Am I misperceiving things?
The same people telling me to go and find a job, are probably the same people who go out to buy a scooter or a bicycle, without really comprehending what the lifestyle of riding one entails. There are going to be days where we have to ride in the rain if we commute with a bike to work. There are going to be days where we encounter a pinch flat on the way to work. Sometimes we might be too tired to be pedaling through a windy day. There are many, many, reasons why I don't ride a bike today and the most important one would be: not wanting to get hurt.
I've always thought about what I do before I do them. This phenomenon of self-awareness was developed through processing the array of mistaken choices I've made life in order to be a better person. I know better than to be walking around the streets of Miami harboring a lie. A lie can kill you. It seems, though, as if the people from the City of Miami are not only suffering from not being able to tell the Truth about who they see in the mirror, but also this sense that life here is a movie. The people who don't know what my story is about because they don't know English, are the ones who are making me doubt my reality. Don't be that person because it is just going to make me work harder..

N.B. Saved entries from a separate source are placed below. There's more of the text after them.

lemma prob_X_path_extend:
  assumes S: "finite S" "\<forall>v\<in>S. 0 \<le> v" "m \<in> S" "\<forall>v\<in>S. v \<le> m" and "m \<le> t"
  shows "prob (X_path S f \<inter> {w \<in> space M. X t w = x}) = prob (X_path S f) * uniformized_kernel P (t - m) (f m) x"
proof (cases "m = t")
  case True
  show ?thesis
  proof (cases "f m = x")
    case True
    then have "X_path S f \<inter> {w \<in> space M. X t w = x} = X_path S f"
      using \<open>m = t\<close> S(3) by (auto simp: X_path_def)
    then show ?thesis
      using \<open>m = t\<close> True by (simp add: uniformized_kernel_0)
  next
    case False
    then have "X_path S f \<inter> {w \<in> space M. X t w = x} = {}"
      using \<open>m = t\<close> S(3) by (auto simp: X_path_def)
    then show ?thesis
      using \<open>m = t\<close> False by (simp add: uniformized_kernel_0)
  qed
next
  case False
  let ?K = "uniformized_kernel P (t - m) (f m) x"
  let ?E = "\<lambda>j. X_path S f \<inter> {w \<in> space M. N m w = j}"
  let ?EX = "\<lambda>j. X_path S f \<inter> {w \<in> space M. N m w = j \<and> X t w = x}"
  have "?E j \<in> sets M" for j
    using S by measurable
  then have "(\<lambda>j. prob (?E j)) sums prob (\<Union>j. ?E j)"
    by (intro finite_measure_UNION) (auto simp: disjoint_family_on_def)
  moreover have "?EX j \<in> sets M" for j
    using S by measurable
  then have "(\<lambda>j. prob (?EX j)) sums prob (\<Union>j. ?EX j)"
    by (intro finite_measure_UNION) (auto simp: disjoint_family_on_def)
  moreover have "(\<Union>j. ?E j) = X_path S f" "(\<Union>j. ?EX j) = X_path S f \<inter> {w \<in> space M. X t w = x}"
    by (auto simp: X_path_def)
  ultimately have E: "(\<lambda>j. prob (?E j)) sums prob (X_path S f)"
    and EX: "(\<lambda>j. prob (?EX j)) sums prob (X_path S f \<inter> {w \<in> space M. X t w = x})"
    by simp_all
  have "m < t"
    using False \<open>m \<le> t\<close> by simp
  have "(\<lambda>j. prob (?EX j)) sums (prob (X_path S f) * ?K)"
    unfolding prob_X_path_N_extend[OF S \<open>m < t\<close>] by (intro sums_mult2 E)
  with EX show ?thesis
    by (rule sums_unique2)
qed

At times I think people perceive I am over compensating, but I think this is being projected onto me from people who don't want to change the quality of life their world is causing us to have.
I don't like the idea that because I am homeless, I should put my head down and prove I'm not gay because I could to out to the club and find a girl to sleep with, thus, finding a place to stay. That's not a realistic way of thinking about things.

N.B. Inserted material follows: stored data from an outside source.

(* Let $(\mathrm{RRT}_n)_{n\ge1}$ be the random recursive tree and $\mathrm{Out}(\mathrm{RRT}_n)$ its out-degree profile. For all $\varepsilon\in(0,1/2)$, all $q\in(1,2)$ and all functions $f:\mathbb N\to\mathbb R$ such that $f(x)=o\big((2-\varepsilon)^{x/q}\big)$ as $x\to\infty$, we have \[\frac1n\int f\,d\,\mathrm{Out}(\mathrm{RRT}_n)\to\sum_{x=0}^\infty 2^{-x-1}f(x)\] almost surely as $n\to\infty$.
   Context: $\mathbb N=\{0,1,2,\dots\}$. The random recursive tree: $\mathrm{RRT}_1$ has a single node (the root); $\mathrm{RRT}_{n+1}$ is obtained from $\mathrm{RRT}_n$ by choosing a node uniformly at random and adding a child to it. For a rooted tree $\tau$, its out-degree profile is the measure $\mathrm{Out}(\tau)=\sum_{v\in\tau}\delta_{\mathrm{outdeg}(v)}$ on $\mathbb N$, where $\mathrm{outdeg}(v)$ is the number of children of $v$. *)

theory Defs
  imports "HOL-Probability.Probability" "HOL-Library.Landau_Symbols"
begin

text \<open>Random recursive tree sequence, coupled on one probability space.
  Nodes of RRT_n are 0,...,n-1 (node 0 is the root, node k+1 is the node added
  in step k+1).  A sample point w :: nat => nat records parent choices:
  w k is the parent of node k+1, chosen uniformly from the existing nodes
  {0..k}, independently over k.\<close>

definition rrt_space :: "(nat \<Rightarrow> nat) measure" where
  "rrt_space = (\<Pi>\<^sub>M k\<in>(UNIV::nat set). measure_pmf (pmf_of_set {0..k}))"

definition rrt_outdeg :: "(nat \<Rightarrow> nat) \<Rightarrow> nat \<Rightarrow> nat \<Rightarrow> nat" where
  "rrt_outdeg w n v = card {k. Suc k < n \<and> w k = v}"

text \<open>Out-degree profile of RRT_n: the finite counting measure
  sum over nodes v of delta_{outdeg v}, represented as a multiset on nat.\<close>
definition rrt_Out :: "(nat \<Rightarrow> nat) \<Rightarrow> nat \<Rightarrow> nat multiset" where
  "rrt_Out w n = image_mset (rrt_outdeg w n) (mset_set {0..<n})"

definition integral_mset :: "(nat \<Rightarrow> real) \<Rightarrow> nat multiset \<Rightarrow> real" where
  "integral_mset f M = sum_mset (image_mset f M)"

end

theory Submission
  imports Defs "HOL-Library.Discrete_Functions" "HOL-Real_Asymp.Real_Asymp"
begin

text \<open>
  Let N_n(x) be the number of nodes of RRT_n with out-degree x. Attaching node n + 1 to a
  uniform node gives the exact recurrence
  E N_(n+1)(x) = (1 - 1/n) E N_n(x) + E N_n(x - 1) / n + [x = 0],
  hence |E N_n(x) - n 2^(-x-1)| <= 1. Re-choosing one parent changes every N_n(x) by at most 2,
  so McDiarmid's inequality and Borel-Cantelli give, almost surely,
  |N_n(x) - n 2^(-x-1)| <= 1 + n^(3/4) for all x and all large n. This controls the degrees
  below k_n = (log_2 n) / 5, as 2^k_n <= n^(1/5).

  For the degrees above k_n, write |f x| <= C c^x with c < 2 and pick c < b < 2. The same
  recurrence gives E sum_v b^outdeg(v) <= n / (2 - b); Markov's inequality along n = 32^i and
  Borel-Cantelli bound this sum by n rho^(-k_n) for some rho in (c/b, 1), so these degrees
  contribute at most C n (c / (b rho))^k_n = o(n).
\<close>

section \<open>Uniform averages over parent sequences\<close>

text \<open>The first \<open>m\<close> parent choices of a recursive tree with \<open>m + 1\<close> nodes, padded with \<open>0\<close>.\<close>
definition parent_seqs :: "nat \<Rightarrow> (nat \<Rightarrow> nat) set" where
  "parent_seqs m = {u. (\<forall>k<m. u k \<le> k) \<and> (\<forall>k\<ge>m. u k = 0)}"

lemma parent_seqs_0: "parent_seqs 0 = {\<lambda>_. 0}"
  by (auto simp: parent_seqs_def)

lemma parent_seqs_Suc: "parent_seqs (Suc m) = (\<lambda>(u, j). u(m := j)) ` (parent_seqs m \<times> {..m})"
proof
  show "(\<lambda>(u, j). u(m := j)) ` (parent_seqs m \<times> {..m}) \<subseteq> parent_seqs (Suc m)"
    by (auto simp: parent_seqs_def)
  show "parent_seqs (Suc m) \<subseteq> (\<lambda>(u, j). u(m := j)) ` (parent_seqs m \<times> {..m})"
  proof
    fix u assume u: "u \<in> parent_seqs (Suc m)"
    then have "(u(m := 0), u m) \<in> parent_seqs m \<times> {..m}"
      by (auto simp: parent_seqs_def)
    then show "u \<in> (\<lambda>(u, j). u(m := j)) ` (parent_seqs m \<times> {..m})"
      by (force intro: image_eqI[where x = "(u(m := 0), u m)"])
  qed
qed

lemma parent_seqs_update: "u \<in> parent_seqs m \<Longrightarrow> j \<le> m \<Longrightarrow> u(m := j) \<in> parent_seqs (Suc m)"
  by (auto simp: parent_seqs_def)

lemma inj_on_parent_seqs_Suc: "inj_on (\<lambda>(u, j). u(m := j)) (parent_seqs m \<times> {..m})"
proof (rule inj_onI, clarify)
  fix u j u' j'
  assume u: "u \<in> parent_seqs m" "u' \<in> parent_seqs m" and eq: "u(m := j) = u'(m := j')"
  have "u k = u' k" for k
    using u fun_cong[OF eq, of k] by (cases "k = m") (auto simp: parent_seqs_def)
  then show "u = u' \<and> j = j'"
    using fun_cong[OF eq, of m] by auto
qed

lemma finite_parent_seqs: "finite (parent_seqs m)"
  by (induction m) (auto simp: parent_seqs_0 parent_seqs_Suc)

lemma card_parent_seqs: "card (parent_seqs m) = fact m"
proof (induction m)
  case (Suc m)
  have "card (parent_seqs (Suc m)) = card (parent_seqs m \<times> {..m})"
    unfolding parent_seqs_Suc by (rule card_image[OF inj_on_parent_seqs_Suc])
  then show ?case by (simp add: card_cartesian_product Suc)
qed (simp add: parent_seqs_0)

definition avg :: "nat \<Rightarrow> ((nat \<Rightarrow> nat) \<Rightarrow> real) \<Rightarrow> real" where
  "avg m F = (\<Sum>u\<in>parent_seqs m. F u) / card (parent_seqs m)"

lemma avg_0: "avg 0 F = F (\<lambda>_. 0)"
  by (simp add: avg_def parent_seqs_0)

lemma avg_Suc: "avg (Suc m) F = avg m (\<lambda>u. (\<Sum>j\<le>m. F (u(m := j))) / Suc m)"
proof -
  have "(\<Sum>u\<in>parent_seqs (Suc m). F u) = (\<Sum>(u, j)\<in>parent_seqs m \<times> {..m}. F (u(m := j)))"
    unfolding parent_seqs_Suc
    by (subst sum.reindex[OF inj_on_parent_seqs_Suc]) (simp add: case_prod_unfold)
  also have "\<dots> = (\<Sum>u\<in>parent_seqs m. \<Sum>j\<le>m. F (u(m := j)))"
    by (simp add: sum.cartesian_product)
  finally show ?thesis
    by (simp add: avg_def card_parent_seqs sum_divide_distrib[symmetric] field_simps)
qed

lemma avg_const [simp]: "avg m (\<lambda>_. c) = c"
  by (simp add: avg_def card_parent_seqs)

lemma avg_mono: "(\<And>u. u \<in> parent_seqs m \<Longrightarrow> F u \<le> G u) \<Longrightarrow> avg m F \<le> avg m G"
  unfolding avg_def by (intro divide_right_mono sum_mono) auto

lemma avg_cong: "(\<And>u. u \<in> parent_seqs m \<Longrightarrow> F u = G u) \<Longrightarrow> avg m F = avg m G"
  unfolding avg_def by (metis (mono_tags, lifting) sum.cong)

lemma avg_cmult: "avg m (\<lambda>u. c * F u) = c * avg m F"
  unfolding avg_def by (simp add: sum_distrib_left)

lemma avg_uminus: "avg m (\<lambda>u. - F u) = - avg m F"
  using avg_cmult[of m "-1" F] by simp

lemma avg_add: "avg m (\<lambda>u. F u + G u) = avg m F + avg m G"
  unfolding avg_def by (simp add: sum.distrib add_divide_distrib)

lemma avg_sum: "finite I \<Longrightarrow> avg m (\<lambda>u. \<Sum>i\<in>I. F i u) = (\<Sum>i\<in>I. avg m (F i))"
  unfolding avg_def by (simp add: sum.swap[of _ I] sum_divide_distrib)

lemma avg_markov:
  assumes "0 < s" "\<And>u. u \<in> parent_seqs m \<Longrightarrow> 0 \<le> F u"
  shows "avg m (\<lambda>u. of_bool (s \<le> F u)) \<le> avg m F / s"
proof -
  have "avg m (\<lambda>u. of_bool (s \<le> F u)) \<le> avg m (\<lambda>u. F u / s)"
    using assms by (intro avg_mono) (auto simp: field_simps)
  also have "\<dots> = avg m F / s"
    unfolding avg_def by (simp add: sum_divide_distrib mult.commute)
  finally show ?thesis .
qed

section \<open>Events determined by finitely many parent choices\<close>

definition prefix_dep :: "nat \<Rightarrow> ((nat \<Rightarrow> nat) \<Rightarrow> 'a) \<Rightarrow> bool" where
  "prefix_dep m F \<longleftrightarrow> (\<forall>w w'. (\<forall>k<m. w k = w' k) \<longrightarrow> F w = F w')"

definition truncate_seq :: "nat \<Rightarrow> (nat \<Rightarrow> nat) \<Rightarrow> nat \<Rightarrow> nat" where
  "truncate_seq m w k = (if k < m then w k else 0)"

lemma prefix_dep_comp: "prefix_dep m F \<Longrightarrow> prefix_dep m (\<lambda>w. g (F w))"
  unfolding prefix_dep_def by metis

lemma prefix_dep_combine: "(\<And>x. prefix_dep m (F x)) \<Longrightarrow> prefix_dep m (\<lambda>w. G (\<lambda>x. F x w))"
  unfolding prefix_dep_def by (intro allI impI arg_cong[where f = G] ext) blast

lemma prefix_dep_truncate_seq: "prefix_dep m F \<Longrightarrow> F (truncate_seq m w) = F w"
  unfolding prefix_dep_def truncate_seq_def by simp

lemma truncate_seq_eq_iff: "truncate_seq m w = truncate_seq m w' \<longleftrightarrow> (\<forall>k<m. w k = w' k)"
  by (simp add: fun_eq_iff truncate_seq_def)

lemma truncate_seq_parent_seqs: "u \<in> parent_seqs m \<Longrightarrow> truncate_seq m u = u"
  by (auto simp: fun_eq_iff truncate_seq_def parent_seqs_def)

lemma truncate_seq_in_parent_seqs: "\<forall>k. w k \<le> k \<Longrightarrow> truncate_seq m w \<in> parent_seqs m"
  by (simp add: truncate_seq_def parent_seqs_def)

lemma countable_range_truncate_seq: "countable (range (truncate_seq m))"
proof -
  have "truncate_seq m w = (\<lambda>k. if k < length (map w [0..<m]) then map w [0..<m] ! k else 0)" for w
    by (auto simp: truncate_seq_def)
  then have "range (truncate_seq m) \<subseteq> (\<lambda>xs k. if k < length xs then xs ! k else 0) ` UNIV"
    by blast
  then show ?thesis
    by (rule countable_subset) simp
qed

definition parent_choice :: "nat \<Rightarrow> nat measure" where
  "parent_choice k = measure_pmf (pmf_of_set {0..k})"

lemma rrt_space_eq_PiM: "rrt_space = PiM UNIV parent_choice"
  by (simp add: rrt_space_def parent_choice_def[abs_def])

lemma prob_space_parent_choice: "prob_space (parent_choice k)"
  by (simp add: parent_choice_def measure_pmf.prob_space_axioms)

lemma sets_parent_choice [simp]: "sets (parent_choice k) = UNIV"
  by (simp add: parent_choice_def)

lemma space_rrt_space [simp]: "space rrt_space = UNIV"
  by (simp add: rrt_space_def space_PiM)

interpretation rrt: prob_space rrt_space
  unfolding rrt_space_eq_PiM by (intro prob_space_PiM prob_space_parent_choice)

lemma measurable_rrt_component [measurable]:
  "(\<lambda>w. w k) \<in> measurable rrt_space (count_space UNIV)"
proof -
  have "(\<lambda>w. w k) \<in> measurable (PiM UNIV parent_choice) (parent_choice k)"
    by (rule measurable_component_singleton) simp
  then show ?thesis
    unfolding rrt_space_eq_PiM
    using measurable_cong_sets[of "PiM UNIV parent_choice" _ "parent_choice k" "count_space UNIV"]
    by simp
qed

lemma measurable_truncate_seq:
  "truncate_seq m \<in> measurable rrt_space (count_space (range (truncate_seq m)))"
proof (subst measurable_count_space_eq_countable[OF countable_range_truncate_seq], intro conjI ballI)
  show "truncate_seq m \<in> space rrt_space \<rightarrow> range (truncate_seq m)"
    by auto
  fix g assume "g \<in> range (truncate_seq m)"
  then obtain w' where "g = truncate_seq m w'"
    by blast
  then have "truncate_seq m -` {g} \<inter> space rrt_space = {w \<in> space rrt_space. \<forall>k\<in>{..<m}. w k = g k}"
    by (auto simp: truncate_seq_eq_iff) (auto simp: truncate_seq_def)
  also have "\<dots> \<in> sets rrt_space"
    by measurable
  finally show "truncate_seq m -` {g} \<inter> space rrt_space \<in> sets rrt_space" .
qed

lemma measurable_prefix_dep:
  assumes "prefix_dep m F" "\<And>w. F w \<in> space N"
  shows "F \<in> measurable rrt_space N"
proof -
  have "(\<lambda>w. F (truncate_seq m w)) \<in> measurable rrt_space N"
    by (rule measurable_compose[OF measurable_truncate_seq]) (use assms(2) in auto)
  then show ?thesis
    by (simp add: prefix_dep_truncate_seq[OF assms(1)])
qed

lemma AE_parent_le: "AE w in rrt_space. \<forall>k. w k \<le> k"
proof (subst AE_all_countable, intro allI)
  fix k
  have "AE j in parent_choice k. j \<le> k"
    unfolding parent_choice_def by (rule AE_pmfI) auto
  then show "AE w in rrt_space. w k \<le> k"
    unfolding rrt_space_eq_PiM
    using AE_PiM_component[of UNIV parent_choice k "\<lambda>j. j \<le> k"] prob_space_parent_choice
    by blast
qed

The idea that Sex is a Trend/Sexo es La Moda mortifies me because what are we really doing? How are we leading an example by this way of thinking? I'm not saying to be acting like a bunch of nuns...but this is beyond pornography now. Pornography used to be something my uncles hid underneath their beds. They probably still practice discretion, but the kids coming out of high school today and enrolling into the local colleges in Miami....?
Why are we setting a double standard on the way we talk about sex and the controversial issues it draws to the conversations at the table?